• EXERCISE GOAL:
Once the line containing "(fst l, \<not>" is found in the entries below, restate it and each following line word for word, stopping after the line containing "y = inv_letter".

Collected data:
(* With notation as in the context, the subgroup $R[\{1,2,\dots,n+1\}]$ of $\mathcal{G}^{*J}_n$ equals the product of the iterated commutator subgroups $[[\dots[R_{i_1,j_1},R_{i_2,j_2}],\dots],R_{i_t,j_t}]$ over those sequences of pairs $1\leq i_s<j_s\leq n+1$ such that (1) $\{i_1,j_1,\dots,i_t,j_t\}=\{1,2,\dots,n+1\}$ and (2) $\{i_1,j_1,\dots,i_t,j_t\}\setminus\{i_p,j_p\}\neq\{1,2,\dots,n+1\}$ for every $1\leq p\leq t$.
   Context: $J$ is a set; $\mathcal{G}^{*J}_n$ is the free group on letters $x_{i,j}(\alpha)$, $1\leq i<j\leq n+1$, $\alpha\in J$ (the $n$-th group of a free product of copies of a simplicial free group $\mathcal{G}$ with $\mathcal{G}_n$ free on $x_{i,j}$). $R_{i,j}$ is the normal closure of $\{x_{i,j}(\alpha)\mid\alpha\in J\}$ in $\mathcal{G}^{*J}_n$. $R[\{1,\dots,n+1\}]$ is the product of all iterated commutator subgroups $[[\dots[R_{i_1,j_1},R_{i_2,j_2}],\dots],R_{i_t,j_t}]$, $t\geq1$, over all sequences of pairs with $\{1,\dots,n+1\}\subseteq\{i_1,j_1,\dots,i_t,j_t\}$ (for $t=1$ the subgroup is $R_{i_1,j_1}$). *)

theory Defs
  imports "HOL-Algebra.Algebra"
begin

type_synonym 'g letter = "'g \<times> bool"   (* (generator, True) = x, (generator, False) = x^-1 *)

definition inv_letter :: "'g letter \<Rightarrow> 'g letter" where
  "inv_letter l = (fst l, \<not> snd l)"

fun reduced :: "'g letter list \<Rightarrow> bool" where
  "reduced [] = True"
| "reduced [x] = True"
| "reduced (x # y # ys) = (y \<noteq> inv_letter x \<and> reduced (y # ys))"

fun cancel_cons :: "'g letter \<Rightarrow> 'g letter list \<Rightarrow> 'g letter list" where
  "cancel_cons x [] = [x]"
| "cancel_cons x (y # ys) = (if y = inv_letter x then ys else x # y # ys)"

text \<open>The free group on the set of generators S: reduced words in S, multiplication is
  concatenation followed by free reduction.\<close>
definition free_group :: "'g set \<Rightarrow> 'g letter list monoid" where
  "free_group S = \<lparr> carrier = {w. reduced w \<and> fst ` set w \<subseteq> S},
                    monoid.mult = (\<lambda>xs ys. foldr cancel_cons xs ys),
                    monoid.one = [] \<rparr>"

text \<open>Generators x_{i,j}(alpha), encoded as triples (i, j, alpha).\<close>
definition gens :: "nat \<Rightarrow> 'j set \<Rightarrow> (nat \<times> nat \<times> 'j) set" where
  "gens n J = {(i, j, a). 1 \<le> i \<and> i < j \<and> j \<le> n + 1 \<and> a \<in> J}"

definition Gn :: "nat \<Rightarrow> 'j set \<Rightarrow> (nat \<times> nat \<times> 'j) letter list monoid" where
  "Gn n J = free_group (gens n J)"

definition gen :: "nat \<Rightarrow> nat \<Rightarrow> 'j \<Rightarrow> (nat \<times> nat \<times> 'j) letter list" where
  "gen i j a = [((i, j, a), True)]"

definition normal_closure :: "('a, 'b) monoid_scheme \<Rightarrow> 'a set \<Rightarrow> 'a set" where
  "normal_closure G H = generate G {g \<otimes>\<^bsub>G\<^esub> h \<otimes>\<^bsub>G\<^esub> inv\<^bsub>G\<^esub> g | g h. g \<in> carrier G \<and> h \<in> H}"

definition comm_subgroup :: "('a, 'b) monoid_scheme \<Rightarrow> 'a set \<Rightarrow> 'a set \<Rightarrow> 'a set" where
  "comm_subgroup G H K = generate G
     {h \<otimes>\<^bsub>G\<^esub> k \<otimes>\<^bsub>G\<^esub> inv\<^bsub>G\<^esub> h \<otimes>\<^bsub>G\<^esub> inv\<^bsub>G\<^esub> k | h k. h \<in> H \<and> k \<in> K}"

definition subgroup_product :: "('a, 'b) monoid_scheme \<Rightarrow> 'a set set \<Rightarrow> 'a set" where
  "subgroup_product G \<H> = generate G (\<Union>\<H>)"

definition Rij :: "nat \<Rightarrow> 'j set \<Rightarrow> nat \<times> nat \<Rightarrow> (nat \<times> nat \<times> 'j) letter list set" where
  "Rij n J p = normal_closure (Gn n J) {gen (fst p) (snd p) a | a. a \<in> J}"

fun iter_comm :: "nat \<Rightarrow> 'j set \<Rightarrow> (nat \<times> nat) list \<Rightarrow> (nat \<times> nat \<times> 'j) letter list set" where
  "iter_comm n J [] = {[]}"
| "iter_comm n J (p # ps) = foldl (\<lambda>H q. comm_subgroup (Gn n J) H (Rij n J q)) (Rij n J p) ps"

definition valid_pair :: "nat \<Rightarrow> nat \<times> nat \<Rightarrow> bool" where
  "valid_pair n p \<longleftrightarrow> 1 \<le> fst p \<and> fst p < snd p \<and> snd p \<le> n + 1"

definition indices :: "(nat \<times> nat) list \<Rightarrow> nat set" where
  "indices ps = (\<Union>p \<in> set ps. {fst p, snd p})"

• RESPONSE:
  "inv_letter l = (fst l, \<not> snd l)"

fun reduced :: "'g letter list \<Rightarrow> bool" where
  "reduced [] = True"
| "reduced [x] = True"
| "reduced (x # y # ys) = (y \<noteq> inv_letter x \<and> reduced (y # ys))"

fun cancel_cons :: "'g letter \<Rightarrow> 'g letter list \<Rightarrow> 'g letter list" where
  "cancel_cons x [] = [x]"
| "cancel_cons x (y # ys) = (if y = inv_letter x then ys else x # y # ys)"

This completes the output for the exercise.